◆ PROBLEM TO WORK ON:
Please print the entries below exactly, from the line with "assms by linarith" through the line with "proof (intro allI impI)", including both of those lines and leaving out all others.

◆ SOURCE MATERIAL:
text \<open>
  When all robots are gathered, the moves of different robots point along unrelated local
  axes, so a split is only guaranteed against a robot of class 0, which stays put.
\<close>

lemma split_colocated:
  assumes ij: "i < n" "j < n" and eq: "pos t i = pos t j" and "i \<in> act t"
    and "card (occupied t) < c" and "0 < K i" "K i \<noteq> K j"
    and "K j = 0 \<or> 2 \<le> card (occupied t)"
  shows "pos (Suc t) i \<noteq> pos (Suc t) j"
proof -
  have "move t i \<noteq> move t j"
  proof (cases "2 \<le> card (occupied t)")
    case True
    let ?m = "min_dist (occupied t)"
    have "0 < ?m"
      using True by (intro min_dist_pos) auto
    then have "real (K i) * ?m / (2 * real c) \<notin> {real (K j) * ?m / (2 * real c), 0}"
      using assms(5-7) by (auto simp: field_simps)
    moreover have "cmod (move t i) = real (K i) * ?m / (2 * real c)"
      using norm_move[OF assms(5) True ij(1)] \<open>i \<in> act t\<close> by simp
    moreover have "cmod (move t j) \<in> {real (K j) * ?m / (2 * real c), 0}"
      using norm_move[OF assms(5) True ij(2)] by simp
    ultimately show ?thesis
      by auto
  next
    case False
    then have "card (occupied t) = 1" "K j = 0"
      using card_occupied_pos[of t] assms(8) by auto
    then show ?thesis
      using move_gathered[OF assms(5)] ij units \<open>i \<in> act t\<close> \<open>0 < K i\<close> by simp
  qed
  then show ?thesis
    using eq by (simp only: pos_Suc ij) simp
qed

lemma obtain_colocated_pair:
  assumes "card (occupied t) < c"
  obtains i j where "i < n" "j < n" "pos t i = pos t j" "0 < K i" "K i \<noteq> K j"
    "K j = 0 \<or> 2 \<le> card (occupied t)"
proof (cases "card (occupied t) = 1")
  case True
  then have "1 \<in> K ` {0..<n}" "0 \<in> K ` {0..<n}"
    using assms K_onto by auto
  then obtain i j where ij: "i < n" "j < n" "K i = 1" "K j = 0"
    by auto
  obtain x where "occupied t = {x}"
    using True card_1_singletonE by blast
  moreover have "pos t i \<in> occupied t" "pos t j \<in> occupied t"
    using ij(1,2) by auto
  ultimately have "pos t i = pos t j"
    by simp
  then show ?thesis
    using that ij by simp
next
  case False
  then have two: "2 \<le> card (occupied t)"
    using card_occupied_pos[of t] by linarith
  have "\<exists>i\<in>{0..<n}. \<exists>j\<in>{0..<n}. pos t i = pos t j \<and> K i \<noteq> K j"
  proof (rule ccontr)
    assume "\<not> ?thesis"
    then have "\<And>i j. i \<in> {0..<n} \<Longrightarrow> j \<in> {0..<n} \<Longrightarrow> pos t i = pos t j \<Longrightarrow> K i = K j"
      by blast
    from card_image_le_if_factors[OF finite_atLeastLessThan this]
    have "card (K ` {0..<n}) \<le> card (occupied t)" .
    then show False
      using assms K_onto by simp
  qed
  then obtain i j where ij: "i < n" "j < n" "pos t i = pos t j" "K i \<noteq> K j"
    by auto
  show ?thesis
  proof (cases "0 < K i")
    case True
    then show ?thesis
      by (rule that[OF ij(1-3)]) (use ij(4) two in simp_all)
  next
    case False
    then show ?thesis
      by (intro that[of j i]) (use ij two in simp_all)
  qed
qed

lemma card_occupied_increases:
  assumes "fair n act" "card (occupied t) < c"
  obtains s where "card (occupied t) < card (occupied s)"
proof -
  obtain i j where ij: "i < n" "j < n" "pos t i = pos t j" "0 < K i" "K i \<noteq> K j"
    "K j = 0 \<or> 2 \<le> card (occupied t)"
    using obtain_colocated_pair[OF assms(2)] by blast
  obtain t' where t': "t \<le> t'" "i \<in> act t'"
    using assms(1) ij(1) unfolding fair_def by blast
  show ?thesis
  proof (cases "pos t' i = pos t' j \<and> card (occupied t') < c")
    case True
    have "K j = 0 \<or> 2 \<le> card (occupied t')"
      using ij(6) card_occupied_mono[OF t'(1)] by linarith
    then have split: "pos (Suc t') i \<noteq> pos (Suc t') j"
      using split_colocated[OF ij(1,2) _ t'(2) _ ij(4,5)] True by blast
    have "card (occupied t) < card (occupied (Suc t'))"
      by (rule card_occupied_less_if_split[OF _ ij(1-3) split]) (use t'(1) in simp)
    then show ?thesis
      by (rule that)
  next
    case False
    have "card (occupied t) < card (occupied t')"
    proof (cases "pos t' i = pos t' j")
      case True
      then show ?thesis using False assms(2) by simp
    next
      case False
      then show ?thesis by (rule card_occupied_less_if_split[OF t'(1) ij(1-3)])
    qed
    then show ?thesis
      by (rule that)
  qed
qed

lemma reaches_scattering:
  assumes "fair n act"
  shows "\<exists>t. c \<le> card (occupied t)"
proof (rule ccontr)
  assume "\<not> ?thesis"
  then have below: "card (occupied t) < c" for t
    by (simp add: not_le)
  have "\<exists>t. k \<le> card (occupied t)" for k
  proof (induction k)
    case (Suc k)
    then obtain t where "k \<le> card (occupied t)" ..
    moreover obtain s where "card (occupied t) < card (occupied s)"
      using card_occupied_increases[OF assms below] .
    ultimately show ?case by (intro exI[of _ s]) simp
  qed simp
  then show False
    using below by (meson not_le)
qed

end

lemma scatter_fun_singleton: "2 \<le> c \<Longrightarrow> scatter_fun c k {#0#} = of_nat k"
  by (simp add: scatter_fun_def)

lemma scatter_fun_eq_iff:
  assumes "k < c" "k' < c"
  shows "scatter_fun c k = scatter_fun c k' \<longleftrightarrow> k = k'"
proof
  assume eq: "scatter_fun c k = scatter_fun c k'"
  show "k = k'"
  proof (rule ccontr)
    assume "k \<noteq> k'"
    then have "2 \<le> c" using assms by linarith
    then show False
      using eq \<open>k \<noteq> k'\<close> scatter_fun_singleton[of c k] scatter_fun_singleton[of c k'] by simp
  qed
qed simp

lemma inj_on_scatter_fun: "inj_on (scatter_fun c) {0..<c}"
  by (rule inj_onI) (simp add: scatter_fun_eq_iff)

lemma is_algorithm_scatter_fun:
  assumes "1 \<le> c" "c \<le> n"
  shows "is_algorithm n c (scatter_fun c ` {0..<c})"
  unfolding is_algorithm_def
proof (intro conjI ballI impI)
  show "card (scatter_fun c ` {0..<c}) = c"
    using inj_on_scatter_fun by (simp add: card_image)
  fix \<phi> \<psi> assume "\<phi> \<in> scatter_fun c ` {0..<c}" "\<psi> \<in> scatter_fun c ` {0..<c}" "\<phi> \<noteq> \<psi>"
  then obtain k k' where "k < c" "k' < c" "k \<noteq> k'" "\<phi> = scatter_fun c k" "\<psi> = scatter_fun c k'"
    by fastforce
  moreover have "2 \<le> c"
    using \<open>k < c\<close> \<open>k' < c\<close> \<open>k \<noteq> k'\<close> by linarith
  ultimately show "\<exists>P. 0 \<in># P \<and> \<phi> P \<noteq> \<psi> P"
    by (intro exI[of _ "{#0#}"]) (simp add: scatter_fun_singleton)
qed (use assms in simp_all)

lemma solves_SCT_scatter_fun:
  assumes "1 \<le> n"
  shows "solves_SCT n c (scatter_fun c ` {0..<c})"
  unfolding solves_SCT_def
proof (intro allI impI)
  fix A :: "nat \<Rightarrow> target_fun" and u p0 :: "nat \<Rightarrow> complex" and act :: "nat \<Rightarrow> nat set"
  assume A: "A ` {0..<n} = scatter_fun c ` {0..<c}" and units: "\<forall>i<n. u i \<noteq> 0"
    and fair: "fair n act"
  define K where "K i = inv_into {0..<c} (scatter_fun c) (A i)" for i
  have A_K: "A i = scatter_fun c (K i)" if "i < n" for i
  proof -
    have "A i \<in> scatter_fun c ` {0..<c}"
      using A that by auto
    then show ?thesis
      unfolding K_def by (rule f_inv_into_f[symmetric])
  qed
  have K_onto: "K ` {0..<n} = {0..<c}"
    unfolding K_def image_image[of _ A, symmetric] A
    using inj_on_scatter_fun by (simp add: inv_into_image_cancel)
  obtain t where "c \<le> card (exec n A u p0 act t ` {0..<n})"
    using reaches_scattering[OF assms _ A_K K_onto fair] units by blast
  then show "\<exists>t. c \<le> card (set_mset (config n (exec n A u p0 act t)))"
    by (auto simp: set_config)
qed

lemma exec_eq_if_indistinguishable:
  assumes "A i = A j" "u i = u j" "p0 i = p0 j" "\<And>t. i \<in> act t \<and> i < n \<longleftrightarrow> j \<in> act t \<and> j < n"
  shows "exec n A u p0 act t i = exec n A u p0 act t j"
  by (induction t) (simp_all add: assms)

lemma obtain_assignment:
  assumes "finite \<Phi>" "\<Phi> \<noteq> {}" "card \<Phi> \<le> n"
  obtains A :: "nat \<Rightarrow> 'a" where "A ` {0..<n} = \<Phi>"
proof -
  let ?m = "card \<Phi>"
  obtain f where f: "bij_betw f {0..<?m} \<Phi>"
    using ex_bij_betw_nat_finite[OF assms(1)] by blast
  have "0 < ?m"
    using assms(1,2) by (simp add: card_gt_0_iff)
  have onto: "(\<lambda>i. min i (?m - 1)) ` {0..<n} = {0..<?m}"
  proof (intro equalityI subsetI)
    fix k assume "k \<in> (\<lambda>i. min i (?m - 1)) ` {0..<n}"
    then show "k \<in> {0..<?m}"
      using \<open>0 < ?m\<close> by auto
  next
    fix k assume "k \<in> {0..<?m}"
    then have "k \<in> {0..<n}" "k = min k (?m - 1)"
      using assms(3) by auto
    then show "k \<in> (\<lambda>i. min i (?m - 1)) ` {0..<n}"
      by (rule rev_image_eqI)
  qed
  have "f ` (\<lambda>i. min i (?m - 1)) ` {0..<n} = \<Phi>"
    unfolding onto using f by (simp add: bij_betw_def)
  then have "(\<lambda>i. f (min i (?m - 1))) ` {0..<n} = \<Phi>"
    by (simp add: image_image)
  then show ?thesis
    by (rule that)
qed

lemma card_le_if_solves_SCT:
  assumes "is_algorithm n m \<Phi>" "solves_SCT n c \<Phi>"
  shows "c \<le> m"
proof -
  have card_\<Phi>: "card \<Phi> = m"
    using assms(1) unfolding is_algorithm_def by auto
  have "finite \<Phi>" "\<Phi> \<noteq> {}" "card \<Phi> \<le> n"
    using assms(1) unfolding is_algorithm_def by auto
  then obtain A where A: "A ` {0..<n} = \<Phi>"
    by (rule obtain_assignment)
  let ?u = "\<lambda>_. 1" and ?p0 = "\<lambda>_. 0" and ?act = "\<lambda>_. UNIV"
  have "fair n ?act"
    unfolding fair_def by blast
  have "\<exists>t. c \<le> card (set_mset (config n (exec n A ?u ?p0 ?act t)))"
    by (rule assms(2)[unfolded solves_SCT_def, rule_format, OF A _ \<open>fair n ?act\<close>]) simp
  then obtain t where "c \<le> card (exec n A ?u ?p0 ?act t ` {0..<n})"
    unfolding set_config ..
  also have "\<dots> \<le> card (A ` {0..<n})"
    by (intro card_image_le_if_factors finite_atLeastLessThan exec_eq_if_indistinguishable) simp_all
  finally show ?thesis
    using A card_\<Phi> by simp
qed

theorem theorem1:
  fixes n c :: nat
  assumes "1 \<le> n" and "1 \<le> c" and "c \<le> n"
  shows "(\<exists>\<Phi>. is_algorithm n c \<Phi> \<and> solves_SCT n c \<Phi>)
       \<and> (\<forall>m \<Phi>. m < c \<longrightarrow> is_algorithm n m \<Phi> \<longrightarrow> \<not> solves_SCT n c \<Phi>)"
proof (intro conjI allI impI notI)
  show "\<exists>\<Phi>. is_algorithm n c \<Phi> \<and> solves_SCT n c \<Phi>"
    using is_algorithm_scatter_fun[OF assms(2,3)] solves_SCT_scatter_fun[OF assms(1)] by blast
next
  fix m \<Phi> assume "m < c" "is_algorithm n m \<Phi>" "solves_SCT n c \<Phi>"
  then show False
    using card_le_if_solves_SCT by fastforce
qed

end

◆ WRITTEN REPLY:
    then have "2 \<le> c" using assms by linarith
    then show False
      using eq \<open>k \<noteq> k'\<close> scatter_fun_singleton[of c k] scatter_fun_singleton[of c k'] by simp
  qed
qed simp

lemma inj_on_scatter_fun: "inj_on (scatter_fun c) {0..<c}"
  by (rule inj_onI) (simp add: scatter_fun_eq_iff)

lemma is_algorithm_scatter_fun:
  assumes "1 \<le> c" "c \<le> n"
  shows "is_algorithm n c (scatter_fun c ` {0..<c})"
  unfolding is_algorithm_def
proof (intro conjI ballI impI)
  show "card (scatter_fun c ` {0..<c}) = c"
    using inj_on_scatter_fun by (simp add: card_image)
  fix \<phi> \<psi> assume "\<phi> \<in> scatter_fun c ` {0..<c}" "\<psi> \<in> scatter_fun c ` {0..<c}" "\<phi> \<noteq> \<psi>"
  then obtain k k' where "k < c" "k' < c" "k \<noteq> k'" "\<phi> = scatter_fun c k" "\<psi> = scatter_fun c k'"
    by fastforce
  moreover have "2 \<le> c"
    using \<open>k < c\<close> \<open>k' < c\<close> \<open>k \<noteq> k'\<close> by linarith
  ultimately show "\<exists>P. 0 \<in># P \<and> \<phi> P \<noteq> \<psi> P"
    by (intro exI[of _ "{#0#}"]) (simp add: scatter_fun_singleton)
qed (use assms in simp_all)

lemma solves_SCT_scatter_fun:
  assumes "1 \<le> n"
  shows "solves_SCT n c (scatter_fun c ` {0..<c})"
  unfolding solves_SCT_def
proof (intro allI impI)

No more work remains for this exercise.